Department of Molecular and Cell Biology, University of California, Berkeley, CA 94720, USA.
Science. 2010 Sep 10;329(5997):1355-8. doi: 10.1126/science.1192272.
Many bacteria and archaea contain clustered regularly interspaced short palindromic repeats (CRISPRs) that confer resistance to invasive genetic elements. Central to this immune system is the production of CRISPR-derived RNAs (crRNAs) after transcription of the CRISPR locus. Here, we identify the endoribonuclease (Csy4) responsible for CRISPR transcript (pre-crRNA) processing in Pseudomonas aeruginosa. A 1.8 angstrom crystal structure of Csy4 bound to its cognate RNA reveals that Csy4 makes sequence-specific interactions in the major groove of the crRNA repeat stem-loop. Together with electrostatic contacts to the phosphate backbone, these enable Csy4 to bind selectively and cleave pre-crRNAs using phylogenetically conserved serine and histidine residues in the active site. The RNA recognition mechanism identified here explains sequence- and structure-specific processing by a large family of CRISPR-specific endoribonucleases.
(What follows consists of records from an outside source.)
(* Let $k\in\mathbb{N}$ and let $M_\psi$ be a bounded multiplication operator on $\mathcal{L}^{(k)}$ or on $\mathcal{L}^{(k)}_0$. Then $M_\psi$ is bounded below if and only if $\inf_{v\in T}|\psi(v)|>0$.
   Context: $T$ is a tree (locally finite, connected, simply connected graph, identified with its vertex set) without terminal vertices, rooted at $o$. $|v|$ is the distance from $o$ to $v$; for $v\ne o$, $v^-$ is the parent of $v$. $T^*=T\setminus\{o\}$, $Df(v)=|f(v)-f(v^-)|$. For $x\ge1$: $\ell_0(x)=1$, $\ell_1(x)=1+\ln x$, $\ell_j(x)=1+\ln\ell_{j-1}(x)$ for $j\ge2$. $\mathcal{L}^{(k)}$ is the space of $f:T\to\mathbb{C}$ with $\sup_{v\in T^*}|v|\prod_{j=0}^{k-1}\ell_j(|v|)Df(v)<\infty$, normed by $\|f\|_k=|f(o)|+\sup_{v\in T^*}|v|\prod_{j=0}^{k-1}\ell_j(|v|)Df(v)$; $\mathcal{L}^{(k)}_0$ is its subspace of $f$ with $|v|\prod_{j=0}^{k-1}\ell_j(|v|)Df(v)\to0$ as $|v|\to\infty$. $M_\psi f=\psi f$. An operator $S$ on a Banach space $X$ is bounded below if there is $c>0$ with $\|Sx\|\ge c\|x\|$ for all $x\in X$. *)

theory Defs
  imports "HOL-Analysis.Analysis"
begin

definition is_walk :: "'a set \<Rightarrow> ('a \<Rightarrow> 'a \<Rightarrow> bool) \<Rightarrow> 'a \<Rightarrow> 'a \<Rightarrow> 'a list \<Rightarrow> bool" where
  "is_walk V E u v p \<longleftrightarrow> p \<noteq> [] \<and> hd p = u \<and> last p = v \<and> set p \<subseteq> V \<and>
     (\<forall>i. Suc i < length p \<longrightarrow> E (p ! i) (p ! Suc i))"

definition is_path :: "'a set \<Rightarrow> ('a \<Rightarrow> 'a \<Rightarrow> bool) \<Rightarrow> 'a \<Rightarrow> 'a \<Rightarrow> 'a list \<Rightarrow> bool" where
  "is_path V E u v p \<longleftrightarrow> is_walk V E u v p \<and> distinct p"

definition is_tree :: "'a set \<Rightarrow> ('a \<Rightarrow> 'a \<Rightarrow> bool) \<Rightarrow> bool" where
  "is_tree V E \<longleftrightarrow>
     (\<forall>u v. E u v \<longrightarrow> u \<in> V \<and> v \<in> V) \<and> (\<forall>u v. E u v \<longrightarrow> E v u) \<and> (\<forall>u. \<not> E u u) \<and>
     (\<forall>u\<in>V. \<forall>v\<in>V. \<exists>!p. is_path V E u v p)"

definition locally_finite :: "'a set \<Rightarrow> ('a \<Rightarrow> 'a \<Rightarrow> bool) \<Rightarrow> bool" where
  "locally_finite V E \<longleftrightarrow> (\<forall>v\<in>V. finite {w. E v w})"

definition no_terminal_vertices :: "'a set \<Rightarrow> ('a \<Rightarrow> 'a \<Rightarrow> bool) \<Rightarrow> bool" where
  "no_terminal_vertices V E \<longleftrightarrow> (\<forall>v\<in>V. card {w. E v w} \<noteq> 1)"

definition tdist :: "'a set \<Rightarrow> ('a \<Rightarrow> 'a \<Rightarrow> bool) \<Rightarrow> 'a \<Rightarrow> 'a \<Rightarrow> nat" where
  "tdist V E r v = (LEAST n. \<exists>p. is_walk V E r v p \<and> length p = Suc n)"

definition tparent :: "'a set \<Rightarrow> ('a \<Rightarrow> 'a \<Rightarrow> bool) \<Rightarrow> 'a \<Rightarrow> 'a \<Rightarrow> 'a" where
  "tparent V E r v = (THE w. E v w \<and> Suc (tdist V E r w) = tdist V E r v)"

definition Dop :: "'a set \<Rightarrow> ('a \<Rightarrow> 'a \<Rightarrow> bool) \<Rightarrow> 'a \<Rightarrow> ('a \<Rightarrow> complex) \<Rightarrow> 'a \<Rightarrow> real" where
  "Dop V E r f v = cmod (f v - f (tparent V E r v))"

fun ell :: "nat \<Rightarrow> real \<Rightarrow> real" where
  "ell 0 x = 1"
| "ell (Suc 0) x = 1 + ln x"
| "ell (Suc (Suc j)) x = 1 + ln (ell (Suc j) x)"

definition weight :: "nat \<Rightarrow> nat \<Rightarrow> real" where
  "weight k n = real n * (\<Prod>j<k. ell j (real n))"

definition wD :: "'a set \<Rightarrow> ('a \<Rightarrow> 'a \<Rightarrow> bool) \<Rightarrow> 'a \<Rightarrow> nat \<Rightarrow> ('a \<Rightarrow> complex) \<Rightarrow> 'a \<Rightarrow> real" where
  "wD V E r k f v = weight k (tdist V E r v) * Dop V E r f v"

definition Lk :: "'a set \<Rightarrow> ('a \<Rightarrow> 'a \<Rightarrow> bool) \<Rightarrow> 'a \<Rightarrow> nat \<Rightarrow> ('a \<Rightarrow> complex) set" where
  "Lk V E r k = {f. bdd_above (wD V E r k f ` (V - {r}))}"

definition Lk0 :: "'a set \<Rightarrow> ('a \<Rightarrow> 'a \<Rightarrow> bool) \<Rightarrow> 'a \<Rightarrow> nat \<Rightarrow> ('a \<Rightarrow> complex) set" where
  "Lk0 V E r k = {f. f \<in> Lk V E r k \<and>
      (\<forall>\<epsilon>>0. \<exists>N. \<forall>v\<in>V - {r}. N \<le> tdist V E r v \<longrightarrow> wD V E r k f v < \<epsilon>)}"

text \<open>The norm; 0 is inserted into the supremum only so that it is well defined
  when T* is empty (the values wD are nonnegative, so otherwise nothing changes).\<close>
definition Lnorm :: "'a set \<Rightarrow> ('a \<Rightarrow> 'a \<Rightarrow> bool) \<Rightarrow> 'a \<Rightarrow> nat \<Rightarrow> ('a \<Rightarrow> complex) \<Rightarrow> real" where
  "Lnorm V E r k f = cmod (f r) + Sup (insert 0 (wD V E r k f ` (V - {r})))"

definition mult_op :: "('a \<Rightarrow> complex) \<Rightarrow> ('a \<Rightarrow> complex) \<Rightarrow> 'a \<Rightarrow> complex" where
  "mult_op \<psi> f = (\<lambda>v. \<psi> v * f v)"

definition bounded_mult_on :: "('a \<Rightarrow> complex) set \<Rightarrow> (('a \<Rightarrow> complex) \<Rightarrow> real) \<Rightarrow> ('a \<Rightarrow> complex) \<Rightarrow> bool" where
  "bounded_mult_on X nrm \<psi> \<longleftrightarrow> (\<forall>f\<in>X. mult_op \<psi> f \<in> X) \<and>
     (\<exists>C. \<forall>f\<in>X. nrm (mult_op \<psi> f) \<le> C * nrm f)"

definition bounded_below_on :: "('a \<Rightarrow> complex) set \<Rightarrow> (('a \<Rightarrow> complex) \<Rightarrow> real) \<Rightarrow> (('a \<Rightarrow> complex) \<Rightarrow> ('a \<Rightarrow> complex)) \<Rightarrow> bool" where
  "bounded_below_on X nrm S \<longleftrightarrow> (\<exists>c>0. \<forall>f\<in>X. nrm (S f) \<ge> c * nrm f)"

end

theory Submission
  imports Defs
begin

(* If M_psi is bounded below by c > 0, testing it on the indicator of a vertex u, on which
   M_psi acts as the scalar psi(u), gives |psi(u)| >= c.
   Conversely, let |psi| >= c > 0 and g = psi f. At a vertex v with parent p,
     f(v) - f(p) = (g(v) - g(p)) / psi(v) + g(p) (psi(p) - psi(v)) / (psi(v) psi(p)).
   The first term is controlled by the norm of g. The numerator g(p) (psi(v) - psi(p)) of the
   second is the difference at v of psi h, where h is g with its value at v replaced by g(p);
   as the weights of consecutive levels differ by a factor at most 2^(k+1), the norm of h is at
   most (1 + 2^(k+1)) times that of g, so boundedness of M_psi controls the second term too. *)

lemma is_walk_iff_successively:
  "is_walk V E u v p \<longleftrightarrow> p \<noteq> [] \<and> hd p = u \<and> last p = v \<and> set p \<subseteq> V \<and> successively E p"
  by (simp add: is_walk_def successively_conv_nth)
许多细菌和古菌含有成簇规律间隔短回文重复序列(CRISPRs),这些重复序列赋予了它们对入侵遗传元件的抗性。该免疫系统的核心是在转录 CRISPR 基因座后产生 CRISPR 衍生的 RNA(crRNA)。在这里,我们鉴定了负责铜绿假单胞菌 CRISPR 转录本(前 crRNA)加工的内切核酸酶(Csy4)。与同源 RNA 结合的 Csy4 的 1.8 埃晶体结构表明,Csy4 在 crRNA 重复茎环的大沟中形成序列特异性相互作用。与磷酸骨架的静电接触一起,这些使 Csy4 能够使用活性位点中进化上保守的丝氨酸和组氨酸残基选择性地结合并切割前 crRNA。此处鉴定的 RNA 识别机制解释了一大类 CRISPR 特异性内切核糖核酸酶的序列和结构特异性加工。